• Collected data entries:
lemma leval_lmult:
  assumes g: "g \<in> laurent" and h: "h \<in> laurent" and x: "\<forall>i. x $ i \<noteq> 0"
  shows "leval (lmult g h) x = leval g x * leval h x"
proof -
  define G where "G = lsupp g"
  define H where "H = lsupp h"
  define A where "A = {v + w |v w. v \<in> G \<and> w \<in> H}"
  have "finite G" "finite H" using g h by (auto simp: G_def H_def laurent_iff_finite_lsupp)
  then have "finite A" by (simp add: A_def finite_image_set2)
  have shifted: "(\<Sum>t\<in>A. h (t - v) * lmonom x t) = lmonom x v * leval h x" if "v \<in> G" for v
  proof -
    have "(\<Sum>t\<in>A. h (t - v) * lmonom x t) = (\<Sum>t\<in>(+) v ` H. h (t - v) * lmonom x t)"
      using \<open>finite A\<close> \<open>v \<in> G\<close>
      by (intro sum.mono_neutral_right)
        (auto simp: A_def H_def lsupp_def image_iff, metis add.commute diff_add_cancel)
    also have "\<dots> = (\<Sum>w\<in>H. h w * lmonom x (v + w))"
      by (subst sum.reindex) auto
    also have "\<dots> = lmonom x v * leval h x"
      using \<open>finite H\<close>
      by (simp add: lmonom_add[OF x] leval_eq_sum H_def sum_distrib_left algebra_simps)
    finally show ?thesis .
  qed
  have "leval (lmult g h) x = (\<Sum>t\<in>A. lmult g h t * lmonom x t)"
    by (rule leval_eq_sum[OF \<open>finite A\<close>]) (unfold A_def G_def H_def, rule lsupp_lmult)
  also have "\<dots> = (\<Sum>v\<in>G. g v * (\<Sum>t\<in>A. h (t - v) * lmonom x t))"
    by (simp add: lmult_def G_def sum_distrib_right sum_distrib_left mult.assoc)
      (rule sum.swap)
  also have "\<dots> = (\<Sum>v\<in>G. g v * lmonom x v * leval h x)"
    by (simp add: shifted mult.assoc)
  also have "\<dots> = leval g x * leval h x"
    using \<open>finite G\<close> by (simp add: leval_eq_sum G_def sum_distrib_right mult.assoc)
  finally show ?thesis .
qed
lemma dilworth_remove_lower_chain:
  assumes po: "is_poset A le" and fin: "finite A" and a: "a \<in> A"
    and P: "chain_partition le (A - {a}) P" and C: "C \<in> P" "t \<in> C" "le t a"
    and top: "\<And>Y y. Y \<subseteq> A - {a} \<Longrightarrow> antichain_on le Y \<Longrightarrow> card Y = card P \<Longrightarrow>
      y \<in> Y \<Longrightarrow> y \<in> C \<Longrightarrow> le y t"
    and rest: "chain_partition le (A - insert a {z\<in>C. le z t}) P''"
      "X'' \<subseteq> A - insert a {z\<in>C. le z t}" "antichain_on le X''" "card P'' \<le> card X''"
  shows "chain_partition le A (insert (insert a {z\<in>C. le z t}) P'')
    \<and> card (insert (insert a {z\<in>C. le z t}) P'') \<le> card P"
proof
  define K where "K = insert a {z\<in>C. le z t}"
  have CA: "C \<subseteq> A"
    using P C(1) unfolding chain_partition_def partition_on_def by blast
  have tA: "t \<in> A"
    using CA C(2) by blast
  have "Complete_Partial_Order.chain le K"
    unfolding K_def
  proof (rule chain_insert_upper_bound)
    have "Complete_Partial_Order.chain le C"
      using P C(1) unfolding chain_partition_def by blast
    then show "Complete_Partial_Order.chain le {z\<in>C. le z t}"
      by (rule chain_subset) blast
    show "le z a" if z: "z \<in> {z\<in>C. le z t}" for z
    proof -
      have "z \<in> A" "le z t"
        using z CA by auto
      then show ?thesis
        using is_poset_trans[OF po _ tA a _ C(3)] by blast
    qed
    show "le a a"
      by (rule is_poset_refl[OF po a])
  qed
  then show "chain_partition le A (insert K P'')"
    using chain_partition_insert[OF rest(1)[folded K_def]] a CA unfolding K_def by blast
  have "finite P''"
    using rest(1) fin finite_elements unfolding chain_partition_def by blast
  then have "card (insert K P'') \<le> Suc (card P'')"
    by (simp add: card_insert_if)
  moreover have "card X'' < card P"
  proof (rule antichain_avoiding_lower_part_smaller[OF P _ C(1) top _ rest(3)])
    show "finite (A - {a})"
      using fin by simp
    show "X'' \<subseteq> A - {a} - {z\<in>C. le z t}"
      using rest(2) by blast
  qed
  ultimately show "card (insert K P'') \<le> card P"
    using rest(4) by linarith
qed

• What is expected: Reproduce all of the entries verbatim.

• Exercise response:
lemma leval_lmult:
  assumes g: "g \<in> laurent" and h: "h \<in> laurent" and x: "\<forall>i. x $ i \<noteq> 0"
  shows "leval (lmult g h) x = leval g x * leval h x"
proof -
  define G where "G = lsupp g"
  define H where "H = lsupp h"
  define A where "A = {v + w |v w. v \<in> G \<and> w \<in> H}"
  have "finite G" "finite H" using g h by (auto simp: G_def H_def laurent_iff_finite_lsupp)
  then have "finite A" by (simp add: A_def finite_image_set2)
  have shifted: "(\<Sum>t\<in>A. h (t - v) * lmonom x t) = lmonom x v * leval h x" if "v \<in> G" for v
  proof -
    have "(\<Sum>t\<in>A. h (t - v) * lmonom x t) = (\<Sum>t\<in>(+) v ` H. h (t - v) * lmonom x t)"
      using \<open>finite A\<close> \<open>v \<in> G\<close>
      by (intro sum.mono_neutral_right)
        (auto simp: A_def H_def lsupp_def image_iff, metis add.commute diff_add_cancel)
    also have "\<dots> = (\<Sum>w\<in>H. h w * lmonom x (v + w))"
      by (subst sum.reindex) auto
    also have "\<dots> = lmonom x v * leval h x"
      using \<open>finite H\<close>
      by (simp add: lmonom_add[OF x] leval_eq_sum H_def sum_distrib_left algebra_simps)
    finally show ?thesis .
  qed
  have "leval (lmult g h) x = (\<Sum>t\<in>A. lmult g h t * lmonom x t)"
    by (rule leval_eq_sum[OF \<open>finite A\<close>]) (unfold A_def G_def H_def, rule lsupp_lmult)
  also have "\<dots> = (\<Sum>v\<in>G. g v * (\<Sum>t\<in>A. h (t - v) * lmonom x t))"
    by (simp add: lmult_def G_def sum_distrib_right sum_distrib_left mult.assoc)
      (rule sum.swap)
  also have "\<dots> = (\<Sum>v\<in>G. g v * lmonom x v * leval h x)"
    by (simp add: shifted mult.assoc)
  also have "\<dots> = leval g x * leval h x"
    using \<open>finite G\<close> by (simp add: leval_eq_sum G_def sum_distrib_right mult.assoc)
  finally show ?thesis .
qed
lemma dilworth_remove_lower_chain:
  assumes po: "is_poset A le" and fin: "finite A" and a: "a \<in> A"
    and P: "chain_partition le (A - {a}) P" and C: "C \<in> P" "t \<in> C" "le t a"
    and top: "\<And>Y y. Y \<subseteq> A - {a} \<Longrightarrow> antichain_on le Y \<Longrightarrow> card Y = card P \<Longrightarrow>
      y \<in> Y \<Longrightarrow> y \<in> C \<Longrightarrow> le y t"
    and rest: "chain_partition le (A - insert a {z\<in>C. le z t}) P''"
      "X'' \<subseteq> A - insert a {z\<in>C. le z t}" "antichain_on le X''" "card P'' \<le> card X''"
  shows "chain_partition le A (insert (insert a {z\<in>C. le z t}) P'')
    \<and> card (insert (insert a {z\<in>C. le z t}) P'') \<le> card P"
proof
  define K where "K = insert a {z\<in>C. le z t}"
  have CA: "C \<subseteq> A"
    using P C(1) unfolding chain_partition_def partition_on_def by blast
  have tA: "t \<in> A"
    using CA C(2) by blast
  have "Complete_Partial_Order.chain le K"
    unfolding K_def
  proof (rule chain_insert_upper_bound)
    have "Complete_Partial_Order.chain le C"
      using P C(1) unfolding chain_partition_def by blast
    then show "Complete_Partial_Order.chain le {z\<in>C. le z t}"
      by (rule chain_subset) blast
    show "le z a" if z: "z \<in> {z\<in>C. le z t}" for z
    proof -
      have "z \<in> A" "le z t"
        using z CA by auto
      then show ?thesis
        using is_poset_trans[OF po _ tA a _ C(3)] by blast
    qed
    show "le a a"
      by (rule is_poset_refl[OF po a])
  qed
  then show "chain_partition le A (insert K P'')"
    using chain_partition_insert[OF rest(1)[folded K_def]] a CA unfolding K_def by blast
  have "finite P''"
    using rest(1) fin finite_elements unfolding chain_partition_def by blast
  then have "card (insert K P'') \<le> Suc (card P'')"
    by (simp add: card_insert_if)
  moreover have "card X'' < card P"
  proof (rule antichain_avoiding_lower_part_smaller[OF P _ C(1) top _ rest(3)])
    show "finite (A - {a})"
      using fin by simp
    show "X'' \<subseteq> A - {a} - {z\<in>C. le z t}"
      using rest(2) by blast
  qed
  ultimately show "card (insert K P'') \<le> card P"
    using rest(4) by linarith
qed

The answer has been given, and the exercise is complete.